• What to work on:
Pick out each line in these entries that contains the string "open".

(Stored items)
lemma power_of_sum_decompose:
  fixes a b :: "'a::comm_semiring_1"
  shows "\<exists>u w. (a + b) ^ (n + j) = a ^ n * u + b ^ j * w"
proof (induction n arbitrary: j)
  case 0
  show ?case by (rule exI[of _ "(a + b) ^ j"], rule exI[of _ 0]) simp
next
  case (Suc n)
  note IH_n = Suc.IH
  show ?case
  proof (induction j)
    case 0
    show ?case by (rule exI[of _ 0], rule exI[of _ "(a + b) ^ Suc n"]) simp
  next
    case (Suc j)
    obtain u w where 1: "(a + b) ^ (n + Suc j) = a ^ n * u + b ^ Suc j * w"
      using IH_n by blast
    obtain u' w' where 2: "(a + b) ^ (Suc n + j) = a ^ Suc n * u' + b ^ j * w'"
      using Suc.IH by blast
    have "(a + b) ^ (Suc n + Suc j) = a * (a + b) ^ (n + Suc j) + b * (a + b) ^ (Suc n + j)"
      by (simp add: algebra_simps)
    also have "\<dots> = a ^ Suc n * (u + b * u') + b ^ Suc j * (a * w + w')"
      unfolding 1 2 by (simp add: algebra_simps)
    finally show ?case by blast
  qed
qed

lemma mult_closure_one: "1 \<in> mult_closure M"
  unfolding mult_closure_def by (intro CollectI exI[of _ "{#}"]) simp

lemma mult_closure_mult: "F \<in> mult_closure M \<Longrightarrow> G \<in> mult_closure M \<Longrightarrow> F * G \<in> mult_closure M"
  unfolding mult_closure_def
proof clarify
  fix A B assume "set_mset A \<subseteq> M" "set_mset B \<subseteq> M"
  then show "\<exists>C. prod_mset A * prod_mset B = prod_mset C \<and> set_mset C \<subseteq> M"
    by (intro exI[of _ "A + B"]) auto
qed

lemma mult_closure_base: "f \<in> M \<Longrightarrow> f \<in> mult_closure M"
  unfolding mult_closure_def by (intro CollectI exI[of _ "{#f#}"]) simp

lemma mult_closure_power: "f \<in> mult_closure M \<Longrightarrow> f ^ k \<in> mult_closure M"
  by (induction k) (simp_all add: mult_closure_one mult_closure_mult)

lemma lead_coeff_mult_monic:
  fixes p q :: "'a::comm_ring_1 poly"
  assumes p: "lead_coeff p = 1"
  shows "lead_coeff (p * q) = lead_coeff q"
proof (cases "q = 0")
  case False
  have top: "coeff (p * q) (degree p + degree q) = lead_coeff q"
    using coeff_mult_degree_sum[of p q] p by simp
  then have "degree p + degree q \<le> degree (p * q)"
    using False by (intro le_degree) simp
  then have "degree (p * q) = degree p + degree q"
    using degree_mult_le[of p q] by simp
  then show ?thesis using top by simp
qed simp

lemma mult_closure_monic:
  assumes "\<forall>f\<in>M. monic_poly f" "F \<in> mult_closure M"
  shows "lead_coeff F = 1"
proof -
  obtain A where F: "F = prod_mset A" and A: "set_mset A \<subseteq> M"
    using assms(2) unfolding mult_closure_def by blast
  have "lead_coeff (prod_mset A) = 1"
    using A by (induction A) (use assms(1) in \<open>auto simp: monic_poly_def lead_coeff_mult_monic\<close>)
  then show ?thesis using F by simp
qed

lemma in_limit_diff:
  assumes "in_limit M a" "in_limit M b"
  shows "in_limit M (\<lambda>F. a F - b F)"
  unfolding in_limit_def
proof (intro ballI impI)
  fix F G assume "F \<in> mult_closure M" "G \<in> mult_closure M" "F dvd G"
  then have "F dvd (a G - a F) - (b G - b F)"
    using assms unfolding in_limit_def by (blast intro: dvd_diff)
  then show "F dvd (a G - b G) - (a F - b F)"
    by (simp add: algebra_simps)
qed

lemma in_limit_value_in_ideal_sum:
  assumes c: "in_limit M c" and F: "F \<in> mult_closure M" and A: "A \<in> mult_closure M"
    and zero: "A dvd c A"
  shows "\<exists>u s. c F = F * u + A * s"
proof -
  have FA: "F * A \<in> mult_closure M" using F A by (rule mult_closure_mult)
  have "A dvd c (F * A) - c A" using c A FA unfolding in_limit_def by simp
  with zero have "A dvd c (F * A)" by (metis dvd_add diff_add_cancel)
  then obtain s where s: "c (F * A) = A * s" ..
  have "F dvd c (F * A) - c F" using c F FA unfolding in_limit_def by simp
  then obtain t where t: "c (F * A) - c F = F * t" ..
  have "c F = F * (- t) + A * s" using s t by (simp add: algebra_simps)
  then show ?thesis by blast
qed

lemma in_limit_transfer_step:
  assumes monic: "\<forall>f\<in>M. monic_poly f" and c: "in_limit M c"
    and G: "G \<in> mult_closure M" and f: "f \<in> M" and g: "g \<in> M"
    and fg: "implies_R f g"
    and zero_f: "\<forall>k. G * f ^ k dvd c (G * f ^ k)"
  shows "G * g ^ n dvd c (G * g ^ n)"
proof -
  obtain I m h p where I: "is_ideal I" and separated: "(\<Inter>j. ideal_pow I j) = {0}"
    and p: "p \<in> poly_ext I" and fm: "f ^ m = g * h + p"
    using fg unfolding implies_R_def by blast
  define F where "F = G * g ^ n"
  have F_mc: "F \<in> mult_closure M"
    unfolding F_def using G g by (simp add: mult_closure_mult mult_closure_power mult_closure_base)
  show ?thesis
    unfolding F_def[symmetric]
  proof (rule monic_dvd_if_dvd_modulo_ideal_powers[OF I separated])
    show "lead_coeff F = 1" using mult_closure_monic[OF monic F_mc] .
  next
    fix j
    obtain u w where uw: "(g * h + p) ^ (n + j) = (g * h) ^ n * u + p ^ j * w"
      using power_of_sum_decompose by blast
    define k where "k = m * (n + j)"
    have fk: "f ^ k = g ^ n * (h ^ n * u) + p ^ j * w"
      unfolding k_def power_mult fm uw by (simp add: power_mult_distrib algebra_simps)
    have "G * f ^ k \<in> mult_closure M"
      using G f by (simp add: mult_closure_mult mult_closure_power mult_closure_base)
    then obtain u' s where "c F = F * u' + G * f ^ k * s"
      using in_limit_value_in_ideal_sum[OF c F_mc] zero_f by blast
    then have "c F = F * (u' + h ^ n * u * s) + p ^ j * (w * G * s)"
      unfolding fk F_def by (simp add: algebra_simps)
    moreover have "p ^ j * (w * G * s) \<in> poly_ext (ideal_pow I j)"
      using poly_ext_mult_right[OF is_ideal_ideal_pow[OF I] poly_ext_power[OF p]] .
    ultimately show "\<exists>u v. v \<in> poly_ext (ideal_pow I j) \<and> c F = F * u + v"
      by blast
  qed
qed

lemma in_limit_transfer_chain:
  assumes monic: "\<forall>f\<in>M. monic_poly f" and c: "in_limit M c"
    and G: "G \<in> mult_closure M"
    and chain: "(\<lambda>x y. x \<in> M \<and> y \<in> M \<and> implies_R x y)\<^sup>*\<^sup>* f g" and f: "f \<in> M"
    and zero_f: "\<forall>k. G * f ^ k dvd c (G * f ^ k)"
  shows "\<forall>n. G * g ^ n dvd c (G * g ^ n)"
proof -
  have "g \<in> M \<and> (\<forall>n. G * g ^ n dvd c (G * g ^ n))"
    using chain
  proof (induction rule: rtranclp_induct)
    case base
    then show ?case using f zero_f by simp
  next
    case (step y z)
    then show ?case using in_limit_transfer_step[OF monic c G, of y z] by blast
  qed
  then show ?thesis by blast
qed

lemma in_limit_zero_if_zero_on_powers:
  assumes monic: "\<forall>f\<in>M. monic_poly f" and conn: "implies_connected M"
    and c: "in_limit M c" and f0: "f0 \<in> M"
    and zero_f0: "\<forall>k. f0 ^ k dvd c (f0 ^ k)"
    and F: "F \<in> mult_closure M"
  shows "F dvd c F"
proof -
  have chain: "(\<lambda>x y. x \<in> M \<and> y \<in> M \<and> implies_R x y)\<^sup>*\<^sup>* f g" if "f \<in> M" "g \<in> M" for f g
    using conn that unfolding implies_connected_def by blast
  obtain A where F_eq: "F = prod_mset A" and A: "set_mset A \<subseteq> M"
    using F unfolding mult_closure_def by blast
  \<comment> \<open>Generalised to all f0^k so that, after absorbing a factor g, the chain can be
      walked back from g to f0.\<close>
  have "\<forall>k. prod_mset A * f0 ^ k dvd c (prod_mset A * f0 ^ k)"
    using A
  proof (induction A)
    case empty
    then show ?case using zero_f0 by simp
  next
    case (add g A)
    then have g: "g \<in> M" and A_mc: "prod_mset A \<in> mult_closure M"
      unfolding mult_closure_def by auto
    have "\<forall>n. prod_mset A * g ^ n dvd c (prod_mset A * g ^ n)"
      using in_limit_transfer_chain[OF monic c A_mc chain[OF f0 g] f0] add by simp
    then have "\<forall>n. (prod_mset A * g) * g ^ n dvd c ((prod_mset A * g) * g ^ n)"
      by (metis mult.assoc power_Suc)
    moreover have "prod_mset A * g \<in> mult_closure M"
      using A_mc g by (simp add: mult_closure_mult mult_closure_base)
    ultimately have "\<forall>k. (prod_mset A * g) * f0 ^ k dvd c ((prod_mset A * g) * f0 ^ k)"
      using in_limit_transfer_chain[OF monic c _ chain[OF g f0] g] by blast
    then show ?case by (simp add: mult_ac)
  qed
  then show ?thesis using F_eq by (metis mult_1_right power_0)
qed

theorem corollary3p5:
  fixes M M' :: "'a::comm_ring_1 poly set"
  assumes "\<forall>f\<in>M. monic_poly f"
    and "implies_connected M"
    and "M' \<subseteq> M" and "M' \<noteq> {}"
  shows "rho_injective M M'"
  unfolding rho_injective_def
proof (intro allI impI)
  fix a b assume a: "in_limit M a" and b: "in_limit M b" and ab: "limit_eq M' a b"
  obtain f0 where f0: "f0 \<in> M'" using assms(4) by blast
  have "\<forall>k. f0 ^ k dvd a (f0 ^ k) - b (f0 ^ k)"
    using ab mult_closure_power[OF mult_closure_base[OF f0]] unfolding limit_eq_def by blast
  then show "limit_eq M a b"
    unfolding limit_eq_def
    using in_limit_zero_if_zero_on_powers[OF assms(1,2) in_limit_diff[OF a b]] f0 assms(3)
    by blast
qed

end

• The answer:
    using A by (induction A) (use assms(1) in \<open>auto simp: monic_poly_def lead_coeff_mult_monic\<close>)
  \<comment> \<open>Generalised to all f0^k so that, after absorbing a factor g, the chain can be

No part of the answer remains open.